I recently completed my fourth round of the Whole30. If you haven’t heard of it before, it’s an elimination diet that you do for 30 days to figure out what foods are causing inflammation and other bad stuff in the body. For 30 days, you abstain from: dairy, sugar, legumes, grains, soy and (this one hurts) alcohol. I always end up losing weight (5-10 pounds) but the real benefit is the increased energy that I feel when I don’t eat sugar.
On Day 29 of this last round, as I gave my son his fourth fruit snack before nap time, I started to wonder if my kids could benefit from less sugar. While clearly within the normal realm of toddler craziness, my kids’ moods do ebb and flow at a surprisingly dramatic pace. I strive to be an “everything in moderation Mom” and am not above bribing a child with a treat. However, I thought I was probably doing a good job as everything I gave them was organic and LOOKED healthy.
My curiosity sparked, I googled “how much sugar can toddlers eat”. According to this article from the American Heart Association, little people ages 2-18 should eat less than six teaspoons a day of sugar. That sounded like a lot to me, as I only put four teaspoons of sugar in the cornbread I make for football watching. I converted that number into grams and spent the next hour being horrified by the crap in my pantry.

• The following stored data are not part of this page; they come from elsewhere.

lemma Lip0_dual_diff:
  "\<phi> \<in> Lip0_dual \<Longrightarrow> \<psi> \<in> Lip0_dual \<Longrightarrow> (\<lambda>g. \<phi> g - \<psi> g) \<in> Lip0_dual"
  using Lip0_dual_lincomb[of \<phi> \<psi> 1 "-1"] by simp

lemma delta_sum_in_Lip0_dual: "finite F \<Longrightarrow> delta_sum F c \<in> Lip0_dual"
proof (rule Lip0_dualI[where K="\<Sum>x\<in>F. \<bar>c x\<bar> * norm x"])
  fix g :: "'a \<Rightarrow> real" assume g: "g \<in> Lip0"
  have "\<bar>delta_sum F c g\<bar> \<le> (\<Sum>x\<in>F. \<bar>c x\<bar> * \<bar>g x\<bar>)"
    using g by (simp add: delta_sum_apply sum_abs[THEN order_trans] abs_mult)
  also have "\<dots> \<le> (\<Sum>x\<in>F. \<bar>c x\<bar> * norm x * lip_norm g)"
    using Lip0_norm_le[OF g] by (intro sum_mono) (simp add: mult.assoc mult.commute[of "norm _"] mult_left_mono)
  finally show "\<bar>delta_sum F c g\<bar> \<le> (\<Sum>x\<in>F. \<bar>c x\<bar> * norm x) * lip_norm g"
    by (simp add: sum_distrib_right)
qed (simp_all add: delta_sum_apply Lip0_add Lip0_cmult distrib_left sum.distrib sum_distrib_left
       mult.left_commute delta_sum_def)

lemma abs_le_dual_norm:
  fixes \<phi> :: "'a::real_normed_vector functional"
  assumes nontrivial: "\<exists>x::'a. x \<noteq> 0" and \<phi>: "\<phi> \<in> Lip0_dual"
    and g: "g \<in> Lip0" "lip_norm g \<le> 1"
  shows "\<bar>\<phi> g\<bar> \<le> dual_norm \<phi>"
proof -
  obtain K where K: "\<And>g. g \<in> Lip0 \<Longrightarrow> \<bar>\<phi> g\<bar> \<le> K * lip_norm g"
    using \<phi> unfolding Lip0_dual_def by blast
  have "\<bar>\<phi> h\<bar> \<le> max K 0" if h: "h \<in> Lip0" "lip_norm h \<le> 1" for h
  proof -
    have "\<bar>\<phi> h\<bar> \<le> K * lip_norm h" using K h(1) .
    also have "\<dots> \<le> max K 0 * lip_norm h"
      using lip_norm_nonneg[OF nontrivial h(1)] by (intro mult_right_mono) auto
    also have "\<dots> \<le> max K 0" using h(2) by (simp add: mult_left_le)
    finally show ?thesis .
  qed
  then have "bdd_above ((\<lambda>g. \<bar>\<phi> g\<bar>) ` {g \<in> (Lip0 :: ('a \<Rightarrow> real) set). lip_norm g \<le> 1})"
    by (intro bdd_aboveI2) auto
  from cSUP_upper[OF _ this, of g] g show ?thesis by (simp add: dual_norm_def)
qed

lemma dual_norm_le:
  fixes \<phi> :: "'a::real_normed_vector functional"
  assumes nontrivial: "\<exists>x::'a. x \<noteq> 0"
    and "\<And>g. g \<in> Lip0 \<Longrightarrow> lip_norm g \<le> 1 \<Longrightarrow> \<bar>\<phi> g\<bar> \<le> C"
  shows "dual_norm \<phi> \<le> C"
  unfolding dual_norm_def
proof (rule cSUP_least)
  have "lip_norm (\<lambda>x::'a. 0::real) \<le> 1" by (rule lip_norm_le[OF nontrivial]) simp
  then show "{g \<in> (Lip0 :: ('a \<Rightarrow> real) set). lip_norm g \<le> 1} \<noteq> {}" by force
qed (use assms in auto)

lemma dual_norm_nonneg:
  fixes \<phi> :: "'a::real_normed_vector functional"
  assumes nontrivial: "\<exists>x::'a. x \<noteq> 0" and "\<phi> \<in> Lip0_dual"
  shows "0 \<le> dual_norm \<phi>"
proof -
  have "lip_norm (\<lambda>x::'a. 0::real) \<le> 1" by (rule lip_norm_le[OF nontrivial]) simp
  from abs_le_dual_norm[OF assms Lip0_zero this] show ?thesis by linarith
qed

lemma dual_norm_zero:
  assumes nontrivial: "\<exists>x::'a::real_normed_vector. x \<noteq> 0"
  shows "dual_norm (\<lambda>g::'a \<Rightarrow> real. 0) = 0"
proof -
  have "(\<lambda>g::'a \<Rightarrow> real. 0) \<in> Lip0_dual" by (rule Lip0_dualI[where K=0]) auto
  with dual_norm_le[OF nontrivial, of "\<lambda>g. 0" 0] dual_norm_nonneg[OF nontrivial] show ?thesis
    by force
qed
(* If $\mu\in\mathcal{L}$ is unimodal, then $\mu$ is either a point mass or a Cauchy distribution (i.e. $F_\mu(z)=z+b$ for some $b\in\mathbb{C}$ with $\operatorname{Im} b\ge 0$).
   Context: For a probability measure $\mu$ on $\mathbb{R}$, $G_\mu(z)=\int\frac{d\mu(x)}{z-x}$ and $F_\mu=1/G_\mu$ on the upper half-plane $\mathbb{C}^+$. $\mathcal{L}$ is the set of probability measures $\mu$ on $\mathbb{R}$ with $F_\mu(z+2\pi)=F_\mu(z)+2\pi$ for all $z\in\mathbb{C}^+$. A probability measure $\mu$ is unimodal (with mode $c$) if $d\mu(x)=\mu(\{c\})\delta_c+f(x)\,dx$ with $f$ non-increasing on $[c,\infty)$ and non-decreasing on $(-\infty,c]$. The Cauchy distributions are the measures $\frac{1}{\pi}\frac{t}{(x-a)^2+t^2}dx$, $a\in\mathbb{R}$, $t>0$. *)

theory Defs
  imports "HOL-Probability.Probability"
begin

definition cauchy_transform :: "real measure \<Rightarrow> complex \<Rightarrow> complex" where
  "cauchy_transform \<mu> z = (\<integral>x. 1 / (z - complex_of_real x) \<partial>\<mu>)"

definition F_transform :: "real measure \<Rightarrow> complex \<Rightarrow> complex" where
  "F_transform \<mu> z = 1 / cauchy_transform \<mu> z"

definition real_prob :: "real measure \<Rightarrow> bool" where
  "real_prob \<mu> \<longleftrightarrow> prob_space \<mu> \<and> sets \<mu> = sets borel"

definition class_L :: "real measure set" where
  "class_L = {\<mu>. real_prob \<mu> \<and>
     (\<forall>z. Im z > 0 \<longrightarrow>
        F_transform \<mu> (z + 2 * complex_of_real pi) = F_transform \<mu> z + 2 * complex_of_real pi)}"

definition unimodal_at :: "real measure \<Rightarrow> real \<Rightarrow> bool" where
  "unimodal_at \<mu> c \<longleftrightarrow> (\<exists>f :: real \<Rightarrow> real.
     f \<in> borel_measurable borel \<and> (\<forall>x. 0 \<le> f x) \<and>
     (\<forall>x y. c \<le> x \<longrightarrow> x \<le> y \<longrightarrow> f y \<le> f x) \<and>
     (\<forall>x y. x \<le> y \<longrightarrow> y \<le> c \<longrightarrow> f x \<le> f y) \<and>
     (\<forall>A \<in> sets borel. emeasure \<mu> A =
        emeasure \<mu> {c} * indicator A c + (\<integral>\<^sup>+ x. ennreal (f x) * indicator A x \<partial>lborel)))"

definition unimodal :: "real measure \<Rightarrow> bool" where
  "unimodal \<mu> \<longleftrightarrow> (\<exists>c. unimodal_at \<mu> c)"

definition cauchy_distr :: "real \<Rightarrow> real \<Rightarrow> real measure" where
  "cauchy_distr a t = density lborel (\<lambda>x. ennreal (t / (pi * ((x - a)\<^sup>2 + t\<^sup>2))))"

end

theory Submission
  imports Defs "HOL-Complex_Analysis.Complex_Analysis" "HOL-Real_Asymp.Real_Asymp"
begin

text \<open>
  Let \<open>P(x, y) = - Im G\<^sub>\<mu>(x + iy) / \<pi>\<close> be the Poisson integral of \<open>\<mu>\<close>. Since
  \<open>G\<^sub>\<mu> = 1 / F\<^sub>\<mu>\<close> and \<open>F\<^sub>\<mu>(z + 2\<pi>) = F\<^sub>\<mu>(z) + 2\<pi>\<close>, \<open>P\<close> is known exactly along each lattice
  \<open>s + 2\<pi>\<nat>\<close>, and there \<open>x\<^sup>2 P(x, y) \<longrightarrow> Im F\<^sub>\<mu>(s + iy) / \<pi>\<close>. Split \<open>P(x, y)\<close> according to
  whether the mass lies left or right of \<open>x/2\<close>: the left part contributes \<open>y / \<pi>\<close> to that limit
  for every \<open>s\<close>, while by unimodality the right part is non-increasing in \<open>x\<close> once \<open>x/2\<close> is beyond
  the mode. Comparing two lattices therefore shows that \<open>Im F\<^sub>\<mu>\<close> is constant on horizontal lines.
  Then \<open>F\<^sub>\<mu>'\<close> is a real-valued holomorphic function, hence constant, and periodicity gives
  \<open>F\<^sub>\<mu>(z) = z + b\<close>. Finally Stieltjes inversion of \<open>G\<^sub>\<mu>(z) = 1 / (z + b)\<close> identifies \<open>\<mu>\<close> as the
  Cauchy distribution with location \<open>- Re b\<close> and scale \<open>Im b\<close> if \<open>Im b > 0\<close>, and as the point
  mass at \<open>- Re b\<close> otherwise.
\<close>

section \<open>The Poisson integral of a measure\<close>

definition poisson_kernel :: "real \<Rightarrow> real \<Rightarrow> real" where
  "poisson_kernel y u = y / (pi * (u\<^sup>2 + y\<^sup>2))"

definition poisson_integral :: "real measure \<Rightarrow> real \<Rightarrow> real \<Rightarrow> real" where
  "poisson_integral \<mu> y x = (\<integral>t. poisson_kernel y (x - t) \<partial>\<mu>)"

lemma real_prob_imp_real_distribution: "real_prob \<mu> \<Longrightarrow> real_distribution \<mu>"
  unfolding real_prob_def real_distribution_def real_distribution_axioms_def by simp

lemma poisson_kernel_pos: "y > 0 \<Longrightarrow> poisson_kernel y u > 0"
  unfolding poisson_kernel_def by (auto intro!: divide_pos_pos mult_pos_pos add_nonneg_pos)

lemma poisson_kernel_le: "y > 0 \<Longrightarrow> poisson_kernel y u \<le> 1 / (pi * y)"
proof -
  assume y: "y > 0"
  have "y / (pi * (u\<^sup>2 + y\<^sup>2)) \<le> y / (pi * y\<^sup>2)"
    using y by (intro divide_left_mono mult_left_mono) (auto intro!: mult_pos_pos add_nonneg_pos)
  also have "\<dots> = 1 / (pi * y)" using y by (simp add: power2_eq_square)
  finally show ?thesis unfolding poisson_kernel_def .
qed

lemma borel_measurable_poisson_kernel [measurable]:
  "f \<in> borel_measurable M \<Longrightarrow> (\<lambda>t. poisson_kernel y (f t)) \<in> borel_measurable M"
  unfolding poisson_kernel_def
  by (intro borel_measurable_divide borel_measurable_times borel_measurable_add borel_measurable_power
      measurable_const) auto

lemma Im_one_over_eq_poisson_kernel: "Im (1 / w) = - pi * poisson_kernel (Im w) (Re w)"
  by (simp add: poisson_kernel_def Im_divide power2_eq_square add.commute)

lemma poisson_kernel_tendsto_at_top:
  assumes "y > 0"
  shows "((\<lambda>x. x\<^sup>2 * poisson_kernel y (x + d)) \<longlongrightarrow> y / pi) at_top"
  unfolding poisson_kernel_def using assms by (real_asymp simp: field_simps)

lemma integrable_poisson_kernel:
  assumes "real_prob \<mu>" "y > 0"
  shows "integrable \<mu> (\<lambda>t. poisson_kernel y (x - t))"
proof -
  interpret real_distribution \<mu> using assms(1) by (rule real_prob_imp_real_distribution)
  show ?thesis
  proof (rule integrable_const_bound[where B="1 / (pi * y)"])
    show "AE t in \<mu>. norm (poisson_kernel y (x - t)) \<le> 1 / (pi * y)"
      using poisson_kernel_pos[OF assms(2)] poisson_kernel_le[OF assms(2)]
      by (intro AE_I2) (simp add: less_imp_le)
    show "(\<lambda>t. poisson_kernel y (x - t)) \<in> borel_measurable \<mu>"
      by measurable
  qed
qed

lemma poisson_integral_pos:
  assumes "real_prob \<mu>" "y > 0"
  shows "poisson_integral \<mu> y x > 0"
proof -
  interpret real_distribution \<mu> using assms(1) by (rule real_prob_imp_real_distribution)
  have pos: "poisson_kernel y u > 0" for u by (rule poisson_kernel_pos[OF assms(2)])
  have "(\<integral>t. poisson_kernel y (x - t) \<partial>\<mu>) \<noteq> 0"
  proof
    assume "(\<integral>t. poisson_kernel y (x - t) \<partial>\<mu>) = 0"
    then have "AE t in \<mu>. poisson_kernel y (x - t) = 0"
      using integral_nonneg_eq_0_iff_AE[OF integrable_poisson_kernel[OF assms]] pos
      by (auto intro: less_imp_le)
    then show False using pos AE_False by (simp add: less_le)
  qed
  moreover have "(\<integral>t. poisson_kernel y (x - t) \<partial>\<mu>) \<ge> 0"
    using pos by (intro integral_nonneg_AE AE_I2 less_imp_le)
  ultimately show ?thesis unfolding poisson_integral_def by simp
qed

lemma poisson_integral_split:
  assumes "real_prob \<mu>" "y > 0"
  shows "poisson_integral \<mu> y x =
    (\<integral>t. poisson_kernel y (x - t) * indicator {..<a} t \<partial>\<mu>) +
    (\<integral>t. poisson_kernel y (x - t) * indicator {a..} t \<partial>\<mu>)"
proof -
  interpret real_distribution \<mu> using assms(1) by (rule real_prob_imp_real_distribution)
  have int: "integrable \<mu> (\<lambda>t. poisson_kernel y (x - t) * indicator A t)" if "A \<in> sets borel" for A
    using that by (intro integrable_real_mult_indicator integrable_poisson_kernel assms) auto
  have "poisson_integral \<mu> y x =
      (\<integral>t. poisson_kernel y (x - t) * indicator {..<a} t + poisson_kernel y (x - t) * indicator {a..} t \<partial>\<mu>)"
    unfolding poisson_integral_def by (intro Bochner_Integration.integral_cong) (auto simp: indicator_def)
  also have "\<dots> = (\<integral>t. poisson_kernel y (x - t) * indicator {..<a} t \<partial>\<mu>) +
      (\<integral>t. poisson_kernel y (x - t) * indicator {a..} t \<partial>\<mu>)"
    by (intro Bochner_Integration.integral_add int) auto
  finally show ?thesis .
qed

section \<open>The Cauchy transform and its reciprocal\<close>

lemma norm_one_over_sub_real_le: "Im z > 0 \<Longrightarrow> norm (1 / (z - complex_of_real x)) \<le> 1 / Im z"
  using abs_Im_le_cmod[of "z - complex_of_real x"] by (simp add: norm_divide frac_le)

The Z-bars that I gave to my kids when we were running late for school? 11 grams of sugar each. That’s almost half of their sugars by 8:30. The all-natural organic fruit strips I gave my son 4 servings of? 10 grams of sugar in every one. My apple juice lover was getting an astounding 28 grams of sugar in every serving of her organic healthy apple juice.

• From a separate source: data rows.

lemma sum_card_layers_eq_sum_term_sets:
  fixes f :: "nat set \<Rightarrow> real"
  assumes "finite R"
  shows "(\<Sum>r\<in>R - {0}. \<Sum>A\<in>{A. A \<subseteq> {1..d} \<and> card A = r}. f A) = (\<Sum>A\<in>term_sets d R. f A)"
proof -
  have finite_Pow: "finite (Pow {1..d})" by simp
  have layer: "{A. A \<subseteq> {1..d} \<and> card A = r} = {A \<in> Pow {1..d}. card A = r}" for r
    by auto
  have "(\<Sum>r\<in>R - {0}. \<Sum>A\<in>{A. A \<subseteq> {1..d} \<and> card A = r}. f A)
      = (\<Sum>r\<in>R - {0}. \<Sum>A\<in>Pow {1..d}. if card A = r then f A else 0)"
    by (simp only: layer sum.inter_filter[OF finite_Pow])
  also have "\<dots> = (\<Sum>A\<in>Pow {1..d}. \<Sum>r\<in>R - {0}. if card A = r then f A else 0)"
    by (rule sum.swap)
  also have "\<dots> = (\<Sum>A\<in>Pow {1..d}. if card A \<in> R - {0} then f A else 0)"
    using assms by (intro sum.cong refl) (simp add: sum.delta')
  also have "\<dots> = (\<Sum>A\<in>term_sets d R. f A)"
    unfolding term_sets_def by (simp only: sum.inter_filter[OF finite_Pow, symmetric]) auto
  finally show ?thesis .
qed

lemma Mset_iff:
  assumes "finite R"
  shows "m \<in> Mset d R \<longleftrightarrow> (\<exists>b beta. m = max_comb d R b beta)"
  unfolding Mset_def max_comb_def sum_card_layers_eq_sum_term_sets[OF assms] by (simp add: fun_eq_iff)
lemma monotonic_approvalI:
  assumes vote: "\<And>C T T' c d. tournament C T \<Longrightarrow> tournament C T' \<Longrightarrow> C \<noteq> {} \<Longrightarrow>
      reinforces C c T T' \<Longrightarrow>
      of_bool (d \<in> f C T') + of_bool (c \<in> f C T) \<le> of_bool (d \<in> f C T) + (of_bool (c \<in> f C T') :: nat)"
  shows "monotonic (approval f)"
  unfolding monotonic_def
proof (intro allI impI, elim conjE)
  fix C Ts Ts' c
  assume E: "election C Ts" and E': "election C Ts'" and len: "length Ts = length Ts'"
    and c_wins: "c \<in> approval f C Ts"
    and reinf: "\<forall>i < length Ts. induced (Ts ! i) (C - {c}) = induced (Ts' ! i) (C - {c})
                      \<and> out_nbhd (Ts ! i) c \<subseteq> out_nbhd (Ts' ! i) c"
  have ne: "C \<noteq> {}" using E by (simp add: election_def)
  have votes: "list_all2 (\<lambda>T T'. tournament C T \<and> tournament C T' \<and> reinforces C c T T') Ts Ts'"
    using E E' len reinf by (auto simp: list_all2_conv_all_nth election_def reinforces_def)
  have "approval_score f C Ts' d \<le> approval_score f C Ts' c" if "d \<in> C" for d
  proof -
    have "approval_score f C Ts' d + approval_score f C Ts c
        \<le> approval_score f C Ts d + approval_score f C Ts' c"
      by (rule approval_score_exchange, rule list_all2_mono[OF votes]) (blast intro: vote[OF _ _ ne])
    moreover have "approval_score f C Ts d \<le> approval_score f C Ts c"
      using c_wins that by (simp add: approval_def)
    ultimately show ?thesis by linarith
  qed
  then show "c \<in> approval f C Ts'" using c_wins by (simp add: approval_def)
qed

lemma monotonic_top_cycle_approval: "monotonic (approval top_cycle)"
proof (rule monotonic_approvalI)
  fix C :: "'a set" and T T' c d
  assume "tournament C T" "tournament C T'" "C \<noteq> {}" "reinforces C c T T'"
  from top_cycle_reinforced[OF this(4,1-3)]
  show "of_bool (d \<in> top_cycle C T') + of_bool (c \<in> top_cycle C T)
      \<le> of_bool (d \<in> top_cycle C T) + (of_bool (c \<in> top_cycle C T') :: nat)"
    by (cases "c \<in> top_cycle C T"; cases "c \<in> top_cycle C T'") auto
qed

lemma out_nbhd_empty [simp]: "out_nbhd {} c = {}"
  by (simp add: out_nbhd_def)

lemma out_nbhd_insert [simp]:
  "out_nbhd (insert (a, b) R) c = (if a = c then insert b (out_nbhd R c) else out_nbhd R c)"
  by (auto simp: out_nbhd_def)

lemma not_monotonicI:
  assumes "election C Ts" "election C Ts'" "list_all2 (reinforces C c) Ts Ts'"
    and "c \<in> \<phi> C Ts" "c \<notin> \<phi> C Ts'"
  shows "\<not> monotonic \<phi>"
  using assms unfolding monotonic_def list_all2_conv_all_nth reinforces_def by blast

text \<open>All five candidates tie with one approval each. Raising 0 over 3 in the second vote
makes 2 a king there (via 2, 0, 3), while 0 still cannot reach 4 in two steps.\<close>
lemma not_monotonic_uncovered_approval:
  "\<not> monotonic (approval (uncovered :: nat set \<Rightarrow> nat rel \<Rightarrow> nat set))"
proof (rule not_monotonicI[where C = "{0, 1, 2, 3, 4}" and c = 0
   and Ts = "[{(1, 0), (2, 0), (2, 1), (2, 3), (2, 4), (3, 0), (3, 1), (4, 0), (4, 1), (4, 3)},
              {(1, 0), (1, 4), (2, 0), (2, 1), (3, 0), (3, 1), (3, 2), (4, 0), (4, 2), (4, 3)},
              {(0, 1), (0, 2), (0, 3), (0, 4), (2, 1), (3, 1), (3, 2), (4, 1), (4, 2), (4, 3)}]"
   and Ts' = "[{(1, 0), (2, 0), (2, 1), (2, 3), (2, 4), (3, 0), (3, 1), (4, 0), (4, 1), (4, 3)},
               {(0, 3), (1, 0), (1, 4), (2, 0), (2, 1), (3, 1), (3, 2), (4, 0), (4, 2), (4, 3)},
               {(0, 1), (0, 2), (0, 3), (0, 4), (2, 1), (3, 1), (3, 2), (4, 1), (4, 2), (4, 3)}]"])
qed (auto simp: election_def tournament_def reinforces_def induced_def
      approval_def approval_score_def uncovered_def)

text \<open>Candidates 0, 2 and 3 tie. Raising 0 over 2 in the second vote lowers the outdegree of 2 to
that of 3, so 3 also becomes a Copeland winner there and overtakes 0.\<close>
lemma not_monotonic_copeland_approval:
  "\<not> monotonic (approval (copeland :: nat set \<Rightarrow> nat rel \<Rightarrow> nat set))"
proof (rule not_monotonicI[where C = "{0, 1, 2, 3}" and c = 0
   and Ts = "[{(0, 2), (0, 3), (1, 0), (2, 1), (3, 1), (3, 2)},
              {(1, 0), (2, 0), (2, 1), (2, 3), (3, 0), (3, 1)}]"
   and Ts' = "[{(0, 2), (0, 3), (1, 0), (2, 1), (3, 1), (3, 2)},
               {(0, 2), (1, 0), (2, 1), (2, 3), (3, 0), (3, 1)}]"])
qed (auto simp: election_def tournament_def reinforces_def induced_def
      approval_def approval_score_def copeland_def)

theorem theorem3:
  shows "monotonic (approval (top_cycle :: 'a set \<Rightarrow> 'a rel \<Rightarrow> 'a set))
    \<and> \<not> monotonic (approval (uncovered :: nat set \<Rightarrow> nat rel \<Rightarrow> nat set))
    \<and> \<not> monotonic (approval (copeland :: nat set \<Rightarrow> nat rel \<Rightarrow> nat set))"
  using monotonic_top_cycle_approval not_monotonic_uncovered_approval
    not_monotonic_copeland_approval by blast

end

We needed to make a change.
I immediately purged the pantry of everything that had added sugars in it and threw out the juices. I went to the store and bought a TON of fruit – berries, pineapple, kiwis, and bananas. I explained to my toddlers that I discovered that certain foods were not very healthy for them and that we’d try to eat some other foods.

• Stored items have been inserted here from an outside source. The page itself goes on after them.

(* Let $\mu$ be a probability measure on $\mathbb{R}$ having an atom, i.e. $\mu(\{x\})>0$ for some $x\in\mathbb{R}$. Let $k\ge1$ and let $X_1,X_2,\dots$ be i.i.d. $k\times k$ random matrices whose entries are i.i.d. with law $\mu$, and $A_n=X_1X_2\cdots X_n$. Then $\lim_{n\to\infty}\Pr(A_n\text{ has all eigenvalues real})=1$. *)

theory Defs
  imports "HOL-Probability.Probability" "Jordan_Normal_Form.Char_Poly"
begin

definition entry_matrix :: "nat \<Rightarrow> (nat \<Rightarrow> nat \<Rightarrow> nat \<Rightarrow> 'w \<Rightarrow> real) \<Rightarrow> nat \<Rightarrow> 'w \<Rightarrow> real mat" where
  "entry_matrix k E m \<omega> = mat k k (\<lambda>(i, j). E m i j \<omega>)"

fun prod_matrix :: "nat \<Rightarrow> (nat \<Rightarrow> real mat) \<Rightarrow> nat \<Rightarrow> real mat" where
  "prod_matrix k X 0 = 1\<^sub>m k"
| "prod_matrix k X (Suc n) = prod_matrix k X n * X (Suc n)"

definition all_eigenvalues_real :: "real mat \<Rightarrow> bool" where
  "all_eigenvalues_real A \<longleftrightarrow>
     (\<forall>z. eigenvalue (map_mat complex_of_real A) z \<longrightarrow> z \<in> \<real>)"

end

theory Submission
  imports Defs
begin

text \<open>
  If one factor X_m (1 <= m <= n) has all its entries equal to an atom x of mu, then
  A_n = P (x J) Q with J the all-ones matrix, so A_n has rank at most one and its only possible
  nonzero eigenvalue is a real number.  By independence, every X_m is of this form with
  probability p = mu{x}^(k*k) > 0, independently of the other factors, so A_n has only real
  eigenvalues with probability at least 1 - (1 - p)^n.
\<close>

unbundle no vec_syntax \<comment> \<open>frees \<open>$\<close> for indexing of Jordan_Normal_Form vectors\<close>

lemma mult_const_mat_mult_vec:
  fixes P Q :: "'a::field mat"
  assumes P: "P \<in> carrier_mat k k" and Q: "Q \<in> carrier_mat k k" and u: "u \<in> carrier_vec k"
  shows "(P * mat k k (\<lambda>_. c) * Q) *\<^sub>v u =
    (c * (\<Sum>j<k. (Q *\<^sub>v u) $ j)) \<cdot>\<^sub>v (P *\<^sub>v vec k (\<lambda>_. 1))"
proof -
  have J: "mat k k (\<lambda>_. c) \<in> carrier_mat k k" by simp
  have "mat k k (\<lambda>_. c) *\<^sub>v v = (c * (\<Sum>j<k. v $ j)) \<cdot>\<^sub>v vec k (\<lambda>_. 1)"
    if "v \<in> carrier_vec k" for v
    using that by (intro eq_vecI) (auto simp: mult_mat_vec_def scalar_prod_def sum_distrib_left atLeast0LessThan)
  then show ?thesis
    using P Q u J by (simp add: assoc_mult_mat_vec[of _ k k _ k] mult_mat_vec[of P k k])
qed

It’s been a week and our sugar detox is going pretty well. My daughter no longer asks for juice and is now enjoying her “Strawberry Water” (water with strawberries in it). Fruit snacks are a thing of the past, which has made my son’s nap time go much smoother. I might be crazy, but I swear they seem less moody and more stable. When we took a brief break for their birthday party and let them eat muffins and cake, I had to deal with epic meltdowns and a toddler brawl.
Sugar has been linked to obesity, diabetes, liver disease and heart disease. It does some pretty crazy things to your body and is also highly addictive. I have no illusions that my children will eat a TON of sugar in their lives, but I am glad to know what I do now about what is actually in the food that they eat and what is considered “safe”. Everybody deserves a treat now and then (especially a sucker or two) but check your labels and be mindful about hidden sugars in foods marketed as super healthy.
Yes!! This is something that we struggle with in my house! My kids are in elementary school and through my own laziness have become sugar addicts (as am I, tbh). I am now working to scale back the processed junk and add more fruits and veggies. They resist. They choose to not eat. I just wish I could get through to them that these foods are GOOD for them.